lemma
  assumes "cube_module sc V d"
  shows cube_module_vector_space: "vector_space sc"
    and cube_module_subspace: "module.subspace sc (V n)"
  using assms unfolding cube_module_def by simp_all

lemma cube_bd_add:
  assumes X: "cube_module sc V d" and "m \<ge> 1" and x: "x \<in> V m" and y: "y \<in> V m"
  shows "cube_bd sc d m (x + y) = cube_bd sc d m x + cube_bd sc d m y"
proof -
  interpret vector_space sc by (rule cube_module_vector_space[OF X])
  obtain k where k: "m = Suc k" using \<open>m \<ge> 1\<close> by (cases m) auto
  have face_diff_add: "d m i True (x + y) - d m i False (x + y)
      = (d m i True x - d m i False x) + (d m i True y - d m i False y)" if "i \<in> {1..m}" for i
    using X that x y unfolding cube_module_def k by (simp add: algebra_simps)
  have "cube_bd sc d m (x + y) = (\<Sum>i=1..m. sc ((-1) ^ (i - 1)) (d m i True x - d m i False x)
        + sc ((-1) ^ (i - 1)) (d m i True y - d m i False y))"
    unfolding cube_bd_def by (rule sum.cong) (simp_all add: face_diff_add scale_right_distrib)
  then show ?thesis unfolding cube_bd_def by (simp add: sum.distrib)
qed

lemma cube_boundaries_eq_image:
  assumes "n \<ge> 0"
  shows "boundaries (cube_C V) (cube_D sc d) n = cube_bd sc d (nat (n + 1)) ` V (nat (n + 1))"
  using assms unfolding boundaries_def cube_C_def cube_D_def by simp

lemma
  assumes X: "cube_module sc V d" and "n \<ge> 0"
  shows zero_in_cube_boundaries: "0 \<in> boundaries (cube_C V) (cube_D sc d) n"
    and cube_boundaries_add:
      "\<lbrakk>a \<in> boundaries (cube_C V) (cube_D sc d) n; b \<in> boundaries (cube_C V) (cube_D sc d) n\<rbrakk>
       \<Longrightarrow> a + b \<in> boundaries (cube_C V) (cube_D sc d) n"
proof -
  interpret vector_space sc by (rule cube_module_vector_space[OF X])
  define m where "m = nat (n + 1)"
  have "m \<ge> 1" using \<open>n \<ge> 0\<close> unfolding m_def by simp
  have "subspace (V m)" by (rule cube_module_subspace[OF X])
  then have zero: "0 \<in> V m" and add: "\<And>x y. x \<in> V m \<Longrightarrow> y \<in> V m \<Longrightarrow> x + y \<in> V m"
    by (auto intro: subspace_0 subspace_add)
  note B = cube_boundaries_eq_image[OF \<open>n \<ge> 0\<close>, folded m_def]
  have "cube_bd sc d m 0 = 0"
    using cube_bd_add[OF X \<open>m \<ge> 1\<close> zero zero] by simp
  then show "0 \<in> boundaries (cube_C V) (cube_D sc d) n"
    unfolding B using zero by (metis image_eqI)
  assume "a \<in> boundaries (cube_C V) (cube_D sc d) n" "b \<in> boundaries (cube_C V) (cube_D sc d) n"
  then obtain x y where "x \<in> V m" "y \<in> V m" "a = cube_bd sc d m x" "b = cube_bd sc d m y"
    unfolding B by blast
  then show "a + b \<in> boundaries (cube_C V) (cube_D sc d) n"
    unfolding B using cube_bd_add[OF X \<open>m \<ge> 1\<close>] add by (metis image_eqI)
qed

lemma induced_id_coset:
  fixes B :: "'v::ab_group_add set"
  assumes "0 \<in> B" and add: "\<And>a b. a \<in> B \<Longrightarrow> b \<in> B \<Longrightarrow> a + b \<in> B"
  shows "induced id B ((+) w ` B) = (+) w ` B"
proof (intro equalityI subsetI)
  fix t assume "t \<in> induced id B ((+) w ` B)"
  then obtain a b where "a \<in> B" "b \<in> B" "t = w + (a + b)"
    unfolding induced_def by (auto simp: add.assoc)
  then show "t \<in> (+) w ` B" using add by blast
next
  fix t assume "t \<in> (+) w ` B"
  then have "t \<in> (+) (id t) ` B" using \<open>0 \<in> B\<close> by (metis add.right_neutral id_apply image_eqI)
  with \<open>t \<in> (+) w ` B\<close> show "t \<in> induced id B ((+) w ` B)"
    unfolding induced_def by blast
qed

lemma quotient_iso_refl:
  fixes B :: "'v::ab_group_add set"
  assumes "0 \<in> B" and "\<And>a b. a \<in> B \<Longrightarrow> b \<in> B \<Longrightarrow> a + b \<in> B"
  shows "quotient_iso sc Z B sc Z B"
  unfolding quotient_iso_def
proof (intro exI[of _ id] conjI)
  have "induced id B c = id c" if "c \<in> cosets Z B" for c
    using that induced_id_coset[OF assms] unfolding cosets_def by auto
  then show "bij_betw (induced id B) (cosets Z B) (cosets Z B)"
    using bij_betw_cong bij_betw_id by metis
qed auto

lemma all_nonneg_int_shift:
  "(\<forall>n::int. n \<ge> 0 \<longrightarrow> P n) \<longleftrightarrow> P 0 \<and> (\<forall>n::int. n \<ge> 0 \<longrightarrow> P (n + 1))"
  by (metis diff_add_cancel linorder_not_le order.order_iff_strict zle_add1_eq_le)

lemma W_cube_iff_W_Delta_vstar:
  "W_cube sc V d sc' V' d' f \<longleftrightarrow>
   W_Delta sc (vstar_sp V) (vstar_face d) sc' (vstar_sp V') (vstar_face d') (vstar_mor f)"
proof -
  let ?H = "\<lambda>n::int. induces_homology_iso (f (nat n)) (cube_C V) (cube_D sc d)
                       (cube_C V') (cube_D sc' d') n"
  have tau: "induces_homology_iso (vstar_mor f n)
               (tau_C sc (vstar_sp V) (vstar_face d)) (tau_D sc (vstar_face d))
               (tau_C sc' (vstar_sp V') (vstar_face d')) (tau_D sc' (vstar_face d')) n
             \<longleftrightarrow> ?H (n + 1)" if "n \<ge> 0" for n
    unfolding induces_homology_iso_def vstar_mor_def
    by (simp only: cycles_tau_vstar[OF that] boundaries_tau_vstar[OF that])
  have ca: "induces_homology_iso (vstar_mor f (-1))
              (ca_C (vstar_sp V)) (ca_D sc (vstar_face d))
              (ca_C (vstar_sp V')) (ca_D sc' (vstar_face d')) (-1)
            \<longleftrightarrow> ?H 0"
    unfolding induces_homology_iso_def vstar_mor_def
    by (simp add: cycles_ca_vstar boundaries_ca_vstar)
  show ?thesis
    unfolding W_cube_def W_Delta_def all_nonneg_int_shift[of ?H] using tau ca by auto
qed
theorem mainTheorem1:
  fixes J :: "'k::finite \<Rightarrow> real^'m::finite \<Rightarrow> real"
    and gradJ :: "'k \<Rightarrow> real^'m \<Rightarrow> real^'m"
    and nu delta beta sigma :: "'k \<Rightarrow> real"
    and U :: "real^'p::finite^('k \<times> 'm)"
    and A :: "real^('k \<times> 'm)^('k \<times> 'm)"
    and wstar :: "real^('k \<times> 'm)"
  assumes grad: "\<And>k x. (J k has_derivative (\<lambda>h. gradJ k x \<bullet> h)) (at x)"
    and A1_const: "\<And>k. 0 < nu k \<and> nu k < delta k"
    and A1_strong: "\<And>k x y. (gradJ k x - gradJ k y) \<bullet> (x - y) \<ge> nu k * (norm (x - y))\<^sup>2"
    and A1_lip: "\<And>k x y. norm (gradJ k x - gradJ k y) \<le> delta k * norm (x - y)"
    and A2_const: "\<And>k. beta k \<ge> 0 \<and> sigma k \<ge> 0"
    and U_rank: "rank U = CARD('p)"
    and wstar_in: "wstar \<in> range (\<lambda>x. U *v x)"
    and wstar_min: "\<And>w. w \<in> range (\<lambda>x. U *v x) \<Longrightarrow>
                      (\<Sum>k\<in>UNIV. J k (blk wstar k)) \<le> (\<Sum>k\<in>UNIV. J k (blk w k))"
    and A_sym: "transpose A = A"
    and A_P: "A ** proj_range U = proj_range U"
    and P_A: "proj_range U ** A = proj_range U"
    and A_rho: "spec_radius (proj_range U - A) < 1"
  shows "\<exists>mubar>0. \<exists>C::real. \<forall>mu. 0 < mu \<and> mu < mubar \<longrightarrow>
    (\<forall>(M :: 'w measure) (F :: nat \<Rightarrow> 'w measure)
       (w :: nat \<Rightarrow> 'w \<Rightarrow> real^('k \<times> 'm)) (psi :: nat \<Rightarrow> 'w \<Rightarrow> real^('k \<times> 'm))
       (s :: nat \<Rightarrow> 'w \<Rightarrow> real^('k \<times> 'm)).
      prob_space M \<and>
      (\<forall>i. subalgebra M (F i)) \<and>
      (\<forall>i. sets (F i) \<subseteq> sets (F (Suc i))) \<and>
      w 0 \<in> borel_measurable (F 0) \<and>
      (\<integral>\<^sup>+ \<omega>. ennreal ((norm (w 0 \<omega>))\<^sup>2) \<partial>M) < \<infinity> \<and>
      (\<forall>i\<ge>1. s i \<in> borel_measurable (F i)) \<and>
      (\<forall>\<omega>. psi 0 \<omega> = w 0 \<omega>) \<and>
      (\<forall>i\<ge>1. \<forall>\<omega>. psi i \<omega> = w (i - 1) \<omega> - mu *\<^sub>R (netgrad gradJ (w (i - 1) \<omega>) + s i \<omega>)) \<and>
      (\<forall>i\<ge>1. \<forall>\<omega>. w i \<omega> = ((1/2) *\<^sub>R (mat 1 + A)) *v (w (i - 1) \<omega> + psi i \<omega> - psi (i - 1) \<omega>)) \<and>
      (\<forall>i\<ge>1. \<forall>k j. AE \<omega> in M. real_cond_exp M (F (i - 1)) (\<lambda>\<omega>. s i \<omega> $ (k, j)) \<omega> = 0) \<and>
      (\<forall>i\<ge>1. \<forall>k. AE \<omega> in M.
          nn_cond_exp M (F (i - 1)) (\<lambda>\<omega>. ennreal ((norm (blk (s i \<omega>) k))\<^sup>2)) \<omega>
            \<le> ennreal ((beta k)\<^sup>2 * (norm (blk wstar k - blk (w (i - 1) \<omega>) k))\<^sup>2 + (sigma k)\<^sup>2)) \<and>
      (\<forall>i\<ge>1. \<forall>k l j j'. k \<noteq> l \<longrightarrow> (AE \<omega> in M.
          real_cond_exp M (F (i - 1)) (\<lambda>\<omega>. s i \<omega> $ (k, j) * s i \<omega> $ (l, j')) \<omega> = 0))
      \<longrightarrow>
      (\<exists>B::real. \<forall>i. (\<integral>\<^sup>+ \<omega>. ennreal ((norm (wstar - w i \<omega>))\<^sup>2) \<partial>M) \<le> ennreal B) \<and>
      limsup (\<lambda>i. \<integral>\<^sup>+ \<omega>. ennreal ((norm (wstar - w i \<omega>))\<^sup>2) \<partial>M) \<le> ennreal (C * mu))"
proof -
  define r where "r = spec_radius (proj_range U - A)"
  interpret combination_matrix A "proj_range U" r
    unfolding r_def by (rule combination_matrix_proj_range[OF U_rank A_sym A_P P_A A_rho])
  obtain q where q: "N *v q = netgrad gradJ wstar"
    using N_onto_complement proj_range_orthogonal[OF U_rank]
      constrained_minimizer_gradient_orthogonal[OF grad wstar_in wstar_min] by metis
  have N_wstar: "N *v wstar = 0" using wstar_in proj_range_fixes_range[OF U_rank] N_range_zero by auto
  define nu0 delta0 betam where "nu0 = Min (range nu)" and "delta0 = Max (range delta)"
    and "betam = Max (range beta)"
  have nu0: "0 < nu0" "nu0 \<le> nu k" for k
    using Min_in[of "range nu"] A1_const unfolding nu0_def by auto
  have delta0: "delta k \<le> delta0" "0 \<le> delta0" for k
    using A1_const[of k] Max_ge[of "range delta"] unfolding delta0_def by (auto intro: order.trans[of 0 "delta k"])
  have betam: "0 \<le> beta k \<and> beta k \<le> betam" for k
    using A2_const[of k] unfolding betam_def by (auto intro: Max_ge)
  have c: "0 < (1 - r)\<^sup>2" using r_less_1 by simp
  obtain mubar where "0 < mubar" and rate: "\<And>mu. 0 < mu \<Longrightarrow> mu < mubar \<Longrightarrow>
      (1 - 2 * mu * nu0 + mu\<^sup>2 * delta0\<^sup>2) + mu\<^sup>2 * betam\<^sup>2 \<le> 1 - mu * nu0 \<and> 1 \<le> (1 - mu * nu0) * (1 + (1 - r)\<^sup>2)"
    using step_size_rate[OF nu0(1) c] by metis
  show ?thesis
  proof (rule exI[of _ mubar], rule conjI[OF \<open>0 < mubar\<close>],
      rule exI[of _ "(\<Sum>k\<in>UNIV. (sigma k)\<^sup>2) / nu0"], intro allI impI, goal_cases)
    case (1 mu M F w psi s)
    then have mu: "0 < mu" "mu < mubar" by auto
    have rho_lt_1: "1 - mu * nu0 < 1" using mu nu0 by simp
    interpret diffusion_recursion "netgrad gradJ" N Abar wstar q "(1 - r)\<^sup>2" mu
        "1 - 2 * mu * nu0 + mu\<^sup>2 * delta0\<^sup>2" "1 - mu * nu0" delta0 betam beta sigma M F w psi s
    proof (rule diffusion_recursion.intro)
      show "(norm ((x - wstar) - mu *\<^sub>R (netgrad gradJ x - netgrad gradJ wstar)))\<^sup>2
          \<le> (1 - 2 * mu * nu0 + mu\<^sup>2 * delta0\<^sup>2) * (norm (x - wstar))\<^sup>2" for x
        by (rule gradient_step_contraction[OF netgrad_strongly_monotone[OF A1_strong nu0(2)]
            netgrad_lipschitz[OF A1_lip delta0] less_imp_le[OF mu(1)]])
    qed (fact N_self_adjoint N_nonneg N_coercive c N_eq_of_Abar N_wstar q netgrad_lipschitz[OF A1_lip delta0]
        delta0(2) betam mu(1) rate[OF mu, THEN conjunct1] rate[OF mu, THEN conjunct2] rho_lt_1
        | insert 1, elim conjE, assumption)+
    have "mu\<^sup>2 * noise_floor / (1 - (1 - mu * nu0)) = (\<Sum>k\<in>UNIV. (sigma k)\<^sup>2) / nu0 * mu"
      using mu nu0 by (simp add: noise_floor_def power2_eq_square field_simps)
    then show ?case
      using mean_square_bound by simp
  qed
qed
- - - - -
Using the entries above, give back exactly the line containing "by (metis diff_add_cancel", the line containing "(vstar_mor f n)", and every line between them, and nothing else.

  by (metis diff_add_cancel linorder_not_le order.order_iff_strict zle_add1_eq_le)

lemma W_cube_iff_W_Delta_vstar:
  "W_cube sc V d sc' V' d' f \<longleftrightarrow>
   W_Delta sc (vstar_sp V) (vstar_face d) sc' (vstar_sp V') (vstar_face d') (vstar_mor f)"
proof -
  let ?H = "\<lambda>n::int. induces_homology_iso (f (nat n)) (cube_C V) (cube_D sc d)
                       (cube_C V') (cube_D sc' d') n"
  have tau: "induces_homology_iso (vstar_mor f n)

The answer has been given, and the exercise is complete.